Recorded data:
::::::::
(* Let $U,W$ be Hilbert spaces, $T: U\rightrightarrows U$, $(\hat u,\hat w)\in\operatorname{graph}T$, $\Xi,N,M\in\mathcal{L}(U;U)$ with $M\ge0$, and $\alpha>0$. Suppose: (i) $N=A^*B$ for some $A,B\in\mathcal{L}(U;W)$; (ii) $\Xi_\alpha:=\alpha^{-1}\Xi-\alpha^{-2}A^*A/4 \le \min\{1,\alpha^{-1}\}M$; (iii) $(M,M-\Xi_\alpha)\in\mathcal{P}(T^{-1}(\hat w),\hat u)$ when $\alpha\in(0,1)$. Then $T$ is $(\Xi_\alpha, B^*B, M)$-partially subregular at $(\hat u,\hat w)$ if it is $(\Xi,N,M)$-partially strongly submonotone at this point. If (iii) does not hold (but (i) and (ii) do), $(\Xi,N,M)$-partial strong submonotonicity at $(\hat u,\hat w)$ still implies $(\alpha\Xi_\alpha,\alpha B^*B,M)$-partial subregularity there.
   Context: For $T\in\mathcal{L}(U;U)$: $\langle x,z\rangle_T:=\langle Tx,z\rangle$, $\|x\|^2_T:=\langle Tx,x\rangle$, $\operatorname{dist}^2_T(z,A):=\inf_{u\in A}\|z-u\|^2_T$ ($\inf\emptyset=+\infty$); $T\ge S$ means $T-S$ positive semidefinite. Partial strong submonotonicity: for $\Xi,N,M$ with $M\ge0$, $T$ is $(\Xi,N,M)$-partially strongly submonotone at $(\hat u,\hat w)$ if there is a neighbourhood $\mathcal{U}\ni\hat u$ with $\inf_{u^*\in T^{-1}(\hat w)}(\langle w-\hat w,u-u^*\rangle_N+\|u-u^*\|^2_{M-\Xi})\ge\operatorname{dist}^2_M(u,T^{-1}(\hat w))$ for all $u\in\mathcal{U}$, $w\in T(u)$. Partial subregularity: for $M,P,N$ with $N\ge0$, $M\ge0$, $M\ge P$, $T$ is $(P,N,M)$-partially subregular at $(\hat u,\hat w)$ if there is a neighbourhood $\mathcal{U}\ni\hat u$ with $\operatorname{dist}^2_N(\hat w,T(u))+\operatorname{dist}^2_{M-P}(u,T^{-1}(\hat w))\ge\operatorname{dist}^2_M(u,T^{-1}(\hat w))$ for all $u\in\mathcal{U}$. $(M,M')\in\mathcal{P}(A,\hat u)$ means there is a neighbourhood $\mathcal{U}'\ni\hat u$ such that each $u\in\mathcal{U}'$ has a common projection onto $A$ with respect to $\|\cdot\|_M$ and $\|\cdot\|_{M'}$. *)

theory Defs
  imports "HOL-Analysis.Analysis"
begin

text \<open>Operators T in L(U;U) are represented as bounded linear functions.
  Weighted inner product, squared seminorm and squared distance.\<close>

definition wip :: "('u::real_inner \<Rightarrow> 'u) \<Rightarrow> 'u \<Rightarrow> 'u \<Rightarrow> real" where
  "wip T x z = inner (T x) z"

definition wnorm2 :: "('u::real_inner \<Rightarrow> 'u) \<Rightarrow> 'u \<Rightarrow> real" where
  "wnorm2 T x = inner (T x) x"

text \<open>Squared distance with values in ereal, so that the infimum over the empty set is +infinity.\<close>
definition wdist2 :: "('u::real_inner \<Rightarrow> 'u) \<Rightarrow> 'u \<Rightarrow> 'u set \<Rightarrow> ereal" where
  "wdist2 T z A = (INF u\<in>A. ereal (wnorm2 T (z - u)))"

definition psd :: "('u::real_inner \<Rightarrow> 'u) \<Rightarrow> bool" where
  "psd T \<longleftrightarrow> (\<forall>x. 0 \<le> inner (T x) x)"

definition op_ge :: "('u::real_inner \<Rightarrow> 'u) \<Rightarrow> ('u \<Rightarrow> 'u) \<Rightarrow> bool" where
  "op_ge T S \<longleftrightarrow> psd (\<lambda>x. T x - S x)"

definition op_diff :: "('u::real_inner \<Rightarrow> 'u) \<Rightarrow> ('u \<Rightarrow> 'u) \<Rightarrow> ('u \<Rightarrow> 'u)" where
  "op_diff T S = (\<lambda>x. T x - S x)"

definition is_adjoint :: "('u::real_inner \<Rightarrow> 'w::real_inner) \<Rightarrow> ('w \<Rightarrow> 'u) \<Rightarrow> bool" where
  "is_adjoint A As \<longleftrightarrow> (\<forall>x w. inner (A x) w = inner x (As w))"

definition inv_img :: "('u \<Rightarrow> 'v set) \<Rightarrow> 'v \<Rightarrow> 'u set" where
  "inv_img T w = {u. w \<in> T u}"

definition partially_strongly_submonotone ::
  "('u::real_inner \<Rightarrow> 'u set) \<Rightarrow> ('u \<Rightarrow> 'u) \<Rightarrow> ('u \<Rightarrow> 'u) \<Rightarrow> ('u \<Rightarrow> 'u) \<Rightarrow> 'u \<Rightarrow> 'u \<Rightarrow> bool" where
  "partially_strongly_submonotone T Xi N M uh wh \<longleftrightarrow>
     psd M \<and>
     (\<exists>UU. open UU \<and> uh \<in> UU \<and>
        (\<forall>u\<in>UU. \<forall>w\<in>T u.
           (INF us\<in>inv_img T wh. ereal (wip N (w - wh) (u - us) + wnorm2 (op_diff M Xi) (u - us)))
             \<ge> wdist2 M u (inv_img T wh)))"

definition partially_subregular ::
  "('u::real_inner \<Rightarrow> 'u set) \<Rightarrow> ('u \<Rightarrow> 'u) \<Rightarrow> ('u \<Rightarrow> 'u) \<Rightarrow> ('u \<Rightarrow> 'u) \<Rightarrow> 'u \<Rightarrow> 'u \<Rightarrow> bool" where
  "partially_subregular T P N M uh wh \<longleftrightarrow>
     psd N \<and> psd M \<and> op_ge M P \<and>
     (\<exists>UU. open UU \<and> uh \<in> UU \<and>
        (\<forall>u\<in>UU. wdist2 N wh (T u) + wdist2 (op_diff M P) u (inv_img T wh)
                  \<ge> wdist2 M u (inv_img T wh)))"

definition is_wproj :: "('u::real_inner \<Rightarrow> 'u) \<Rightarrow> 'u set \<Rightarrow> 'u \<Rightarrow> 'u \<Rightarrow> bool" where
  "is_wproj M A u p \<longleftrightarrow> p \<in> A \<and> (\<forall>a\<in>A. wnorm2 M (u - p) \<le> wnorm2 M (u - a))"

definition common_proj :: "('u::real_inner \<Rightarrow> 'u) \<Rightarrow> ('u \<Rightarrow> 'u) \<Rightarrow> 'u set \<Rightarrow> 'u \<Rightarrow> bool" where
  "common_proj M M' A uh \<longleftrightarrow>
     (\<exists>UU. open UU \<and> uh \<in> UU \<and> (\<forall>u\<in>UU. \<exists>p. is_wproj M A u p \<and> is_wproj M' A u p))"

end

theory Submission
  imports Defs
begin

text \<open>Since \<open>N = A\<^sup>*B\<close>, the cross term of partial strong submonotonicity is
  \<open>\<langle>B(w - w\<^sub>0), A(u - u\<^sup>*)\<rangle>\<close>, and Young's inequality bounds it by
  \<open>\<alpha>\<parallel>B(w - w\<^sub>0)\<parallel>\<^sup>2 + \<parallel>A(u - u\<^sup>*)\<parallel>\<^sup>2/(4\<alpha>)\<close>. This gives, for every \<open>u\<^sup>* \<in> T\<^sup>-\<^sup>1(w\<^sub>0)\<close>,
  \<open>dist\<^sub>M\<^sup>2(u, T\<^sup>-\<^sup>1(w\<^sub>0)) \<le> \<alpha>\<parallel>w - w\<^sub>0\<parallel>\<^sub>B\<^sub>*\<^sub>B\<^sup>2 + \<parallel>u - u\<^sup>*\<parallel>\<^sub>M\<^sup>2 - \<alpha>\<parallel>u - u\<^sup>*\<parallel>\<^sub>\<Xi>\<^sub>\<alpha>\<^sup>2\<close>,
  and taking infima over \<open>w\<close> and \<open>u\<^sup>*\<close> yields the scaled subregularity. To remove
  the factor \<open>\<alpha>\<close>: for \<open>\<alpha> \<ge> 1\<close> interpolate with the trivial bound
  \<open>dist\<^sub>M\<^sup>2 \<le> \<parallel>u - u\<^sup>*\<parallel>\<^sub>M\<^sup>2\<close>; for \<open>\<alpha> < 1\<close> evaluate at a common projection \<open>p\<close>,
  where \<open>dist\<^sub>M\<^sup>2 = \<parallel>u - p\<parallel>\<^sub>M\<^sup>2\<close> forces \<open>\<parallel>u - p\<parallel>\<^sub>\<Xi>\<^sub>\<alpha>\<^sup>2 \<le> \<parallel>w - w\<^sub>0\<parallel>\<^sub>B\<^sub>*\<^sub>B\<^sup>2\<close>.\<close>

definition xi_alpha ::
    "real \<Rightarrow> ('u::real_vector \<Rightarrow> 'u) \<Rightarrow> ('u \<Rightarrow> 'w) \<Rightarrow> ('w \<Rightarrow> 'u) \<Rightarrow> 'u \<Rightarrow> 'u" where
  "xi_alpha \<alpha> Xi A As = (\<lambda>x. (1 / \<alpha>) *\<^sub>R Xi x - (1 / (4 * \<alpha>\<^sup>2)) *\<^sub>R As (A x))"

lemma ereal_le_INF_add:
  fixes F :: "'a \<Rightarrow> ereal"
  assumes le: "\<And>x. x \<in> X \<Longrightarrow> D \<le> F x + Z" and Z: "0 \<le> Z"
    and F: "\<And>x. x \<in> X \<Longrightarrow> 0 \<le> F x"
  shows "D \<le> (INF x\<in>X. F x) + Z"
proof (cases "X = {}")
  case True
  then show ?thesis using Z by (cases Z) (auto simp: top_ereal_def)
next
  case False
  have "D \<le> (INF x\<in>X. F x + Z)" by (rule INF_greatest) (rule le)
  also have "\<dots> = (INF x\<in>X. F x) + Z"
    using Z by (intro INF_ereal_add_left[OF False _ F]) auto
  finally show ?thesis .
qed

lemma inner_le_young:
  fixes a b :: "'a::real_inner"
  assumes "\<alpha> > 0"
  shows "inner b a \<le> \<alpha> * inner b b + inner a a / (4 * \<alpha>)"
proof -
  have "0 \<le> inner ((2 * \<alpha>) *\<^sub>R b - a) ((2 * \<alpha>) *\<^sub>R b - a)" by simp
  also have "\<dots> = 4 * \<alpha>\<^sup>2 * inner b b - 4 * \<alpha> * inner b a + inner a a"
    by (simp add: inner_diff_left inner_diff_right inner_commute power2_eq_square algebra_simps)
  finally have "4 * \<alpha> * inner b a \<le> 4 * \<alpha> * (\<alpha> * inner b b + inner a a / (4 * \<alpha>))"
    using assms by (simp add: algebra_simps power2_eq_square)
  then show ?thesis using assms by simp
qed

lemma ereal_le_interpolate:
  fixes d :: ereal and \<alpha> a m x :: real
  assumes \<alpha>: "1 \<le> \<alpha>" and scaled: "d \<le> ereal (\<alpha> * a + (m - \<alpha> * x))" and trivial: "d \<le> ereal m"
  shows "d \<le> ereal (a + (m - x))"
proof (cases d)
  case (real r)
  have "(\<alpha> - 1) * r \<le> (\<alpha> - 1) * m" using \<alpha> trivial real by (simp add: mult_left_mono)
  then have "\<alpha> * r \<le> \<alpha> * (a + (m - x))" using scaled real by (simp add: algebra_simps)
  then show ?thesis using \<alpha> real by simp
qed (use trivial in auto)

lemma wnorm2_op_diff: "wnorm2 (op_diff M P) v = wnorm2 M v - wnorm2 P v"
  by (simp add: wnorm2_def op_diff_def inner_diff_left)

lemma wnorm2_scaleR: "wnorm2 (\<lambda>x. c *\<^sub>R P x) v = c * wnorm2 P v"
  by (simp add: wnorm2_def)

lemma psd_iff_wnorm2: "psd P \<longleftrightarrow> (\<forall>v. 0 \<le> wnorm2 P v)"
  by (simp add: psd_def wnorm2_def)

lemma op_ge_iff_wnorm2: "op_ge M P \<longleftrightarrow> (\<forall>v. wnorm2 P v \<le> wnorm2 M v)"
  by (simp add: op_ge_def psd_def wnorm2_def inner_diff_left)

lemma psd_op_diff: "op_ge M P \<Longrightarrow> psd (op_diff M P)"
  by (simp add: op_ge_def op_diff_def)

lemma wnorm2_adjoint_comp:
  "is_adjoint A As \<Longrightarrow> wnorm2 (\<lambda>x. As (A x)) v = inner (A v) (A v)"
  by (simp add: is_adjoint_def wnorm2_def inner_commute)

lemma wip_adjoint_comp:
  "is_adjoint A As \<Longrightarrow> wip (\<lambda>x. As (B x)) x v = inner (B x) (A v)"
  unfolding is_adjoint_def wip_def by (metis inner_commute)

lemma wnorm2_xi_alpha:
  assumes "is_adjoint A As" "\<alpha> > 0"
  shows "\<alpha> * wnorm2 (xi_alpha \<alpha> Xi A As) v = wnorm2 Xi v - inner (A v) (A v) / (4 * \<alpha>)"
proof -
  have "inner (As (A v)) v = inner (A v) (A v)"
    using wnorm2_adjoint_comp[OF assms(1)] by (simp add: wnorm2_def)
  then show ?thesis
    using assms(2) by (simp add: xi_alpha_def wnorm2_def inner_diff_left field_simps power2_eq_square)
qed

lemma op_ge_min_scaleR:
  assumes ge: "op_ge (\<lambda>x. min 1 (1 / \<alpha>) *\<^sub>R M x) P" and "psd M" and \<alpha>: "\<alpha> > 0"
  shows "op_ge M P" and "op_ge M (\<lambda>x. \<alpha> *\<^sub>R P x)"
proof -
  have PM: "wnorm2 P v \<le> min 1 (1 / \<alpha>) * wnorm2 M v" for v
    using ge by (simp add: op_ge_iff_wnorm2 wnorm2_scaleR)
  have M0: "0 \<le> wnorm2 M v" for v using \<open>psd M\<close> by (simp add: psd_iff_wnorm2)
  show "op_ge M P"
    unfolding op_ge_iff_wnorm2
  proof
    fix v
    have "min 1 (1 / \<alpha>) * wnorm2 M v \<le> 1 * wnorm2 M v"
      by (rule mult_right_mono) (simp_all add: M0)
    then show "wnorm2 P v \<le> wnorm2 M v" using PM[of v] by simp
  qed
  show "op_ge M (\<lambda>x. \<alpha> *\<^sub>R P x)"
    unfolding op_ge_iff_wnorm2 wnorm2_scaleR
  proof
    fix v
    have "min 1 (1 / \<alpha>) * wnorm2 M v \<le> (1 / \<alpha>) * wnorm2 M v"
      by (rule mult_right_mono) (simp_all add: M0)
    then have "\<alpha> * wnorm2 P v \<le> \<alpha> * ((1 / \<alpha>) * wnorm2 M v)"
      using PM[of v] \<alpha> by (intro mult_left_mono) auto
    then show "\<alpha> * wnorm2 P v \<le> wnorm2 M v" using \<alpha> by simp
  qed
qed

lemma wdist2_nonneg: "psd Q \<Longrightarrow> 0 \<le> wdist2 Q u S"
  unfolding wdist2_def psd_def wnorm2_def by (rule INF_greatest) simp

lemma wdist2_le_wnorm2: "s \<in> S \<Longrightarrow> wdist2 Q u S \<le> ereal (wnorm2 Q (u - s))"
  unfolding wdist2_def by (rule INF_lower)

lemma wdist2_wproj: "is_wproj Q S u p \<Longrightarrow> wdist2 Q u S = ereal (wnorm2 Q (u - p))"
  unfolding is_wproj_def wdist2_def by (intro antisym INF_lower INF_greatest) auto

lemma le_add_wdist2I:
  assumes "\<And>s. s \<in> S \<Longrightarrow> D \<le> ereal (c + wnorm2 Q (u - s))" and "0 \<le> c" and "psd Q"
  shows "D \<le> ereal c + wdist2 Q u S"
proof -
  have "D \<le> (INF s\<in>S. ereal (wnorm2 Q (u - s))) + ereal c"
    using assms by (intro ereal_le_INF_add) (auto simp: add.commute psd_iff_wnorm2)
  then show ?thesis by (simp add: wdist2_def add.commute)
qed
::::::::
Could you give again, word for word, the line with "unfolding is_wproj_def wdist2_def" and all lines after it through the end of the data? Leave out everything else.

  unfolding is_wproj_def wdist2_def by (intro antisym INF_lower INF_greatest) auto

lemma le_add_wdist2I:
  assumes "\<And>s. s \<in> S \<Longrightarrow> D \<le> ereal (c + wnorm2 Q (u - s))" and "0 \<le> c" and "psd Q"
  shows "D \<le> ereal c + wdist2 Q u S"
proof -
  have "D \<le> (INF s\<in>S. ereal (wnorm2 Q (u - s))) + ereal c"
    using assms by (intro ereal_le_INF_add) (auto simp: add.commute psd_iff_wnorm2)
  then show ?thesis by (simp add: wdist2_def add.commute)
qed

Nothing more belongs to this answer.